Sheeple, a portmanteau of sheep and people, is described as an informal word that defines “people who are docile, compliant, or easily influenced” and thereby “likened to sheep.”
'Sheeple' is in the dictionary now. https://t.co/pbXVADEoBm
— Merriam-Webster (@MerriamWebster) April 27, 2017
The first example of the word used in a sentence is your regular, run-of-the-mill example:
“James Nichols, who ran the family farm here, stamped dollar bills with red ink in protest against currency and told his neighbors that they were “sheeple” for obeying authority like livestock.” – Sara Rimer and James Bennet
However, the second example is much more interesting and possibly offensive:
“Apple’s debuted a battery case for the juice-sucking iPhone—an ungainly lumpy case the sheeple will happily shell out $99 for.” – Doug Criss
Merriam-Webster, an American company that publishes reference books, especially known for its dictionaries, dates back all the way to the 19th century (1843, to be precise). It says the first usage of the word “sheeple” was back in 1945. This was obviously long before Apple was founded as a company and started manufacturing Macs, iPods, iPhones, and a whole range of its devices.

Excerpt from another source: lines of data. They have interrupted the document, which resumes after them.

lemma subset_doubleton_if_no_three_distinct:
  assumes "S \<subseteq> A" "c \<in> A" "\<not> (\<exists>x1\<in>S. \<exists>x2\<in>S. \<exists>x3\<in>S. x1 \<noteq> x2 \<and> x1 \<noteq> x3 \<and> x2 \<noteq> x3)"
  shows "\<exists>a\<in>A. \<exists>b\<in>A. S \<subseteq> {a, b}"
proof (cases "\<exists>a\<in>S. \<exists>b\<in>S. a \<noteq> b")
  case True
  then obtain a b where "a \<in> S" "b \<in> S" "a \<noteq> b" by blast
  then show ?thesis using assms by blast
qed (use assms in blast)

lemma term1_interpolation:
  assumes f: "f \<in> J n \<rightarrow> J n"
    and pairs: "\<And>a b. a \<in> J n \<Longrightarrow> b \<in> J n \<Longrightarrow> (f a, f b) \<in> sg_pair n a b"
    and "S \<subseteq> J n"
  shows "\<exists>t\<in>term1 n. \<forall>x\<in>S. t x = f x"
proof -
  have "finite S" using \<open>S \<subseteq> J n\<close> by (rule finite_subset) simp
  then show ?thesis using \<open>S \<subseteq> J n\<close>
  proof (induction rule: finite_psubset_induct)
    case (psubset S)
    show ?case
    proof (cases "\<exists>x1\<in>S. \<exists>x2\<in>S. \<exists>x3\<in>S. x1 \<noteq> x2 \<and> x1 \<noteq> x3 \<and> x2 \<noteq> x3")
      case True
      then obtain x1 x2 x3 where x: "x1 \<in> S" "x2 \<in> S" "x3 \<in> S" "x1 \<noteq> x2" "x1 \<noteq> x3" "x2 \<noteq> x3"
        by blast
      have IH: "\<exists>t\<in>term1 n. \<forall>x\<in>S - {y}. t x = f x" if "y \<in> S" for y
        using that psubset.prems by (intro psubset.IH) auto
      obtain t1 where "t1 \<in> term1 n" "\<forall>x\<in>S - {x1}. t1 x = f x" using IH[OF x(1)] ..
      moreover obtain t2 where "t2 \<in> term1 n" "\<forall>x\<in>S - {x2}. t2 x = f x" using IH[OF x(2)] ..
      moreover obtain t3 where "t3 \<in> term1 n" "\<forall>x\<in>S - {x3}. t3 x = f x" using IH[OF x(3)] ..
      ultimately show ?thesis
        using majority_interpolation[OF f psubset.prems x(4-6)] by blast
    next
      case False
      then obtain a b where "a \<in> J n" "b \<in> J n" "S \<subseteq> {a, b}"
        using subset_doubleton_if_no_three_distinct[OF psubset.prems J_simps(1)] by blast
      moreover obtain t where "t \<in> term1 n" "t a = f a" "t b = f b"
        using pairs[OF \<open>a \<in> J n\<close> \<open>b \<in> J n\<close>] by (auto simp: sg_pair_def)
      ultimately show ?thesis by blast
    qed
  qed
qed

It’s unclear if someone in Merriam-Webster is mad at Apple (namely, Doug Criss, the author of the questionable example) for not meeting expectations. The company didn’t provide a response to the unusual example, even though some Twitter users have pointed out it might be offensive to its users. A much larger portion of Twitter-verse found the example rather funny and accurate.
For what it’s worth, the word’s popularity seems to fall within the bottom 10 percent of the entire dictionary catalog.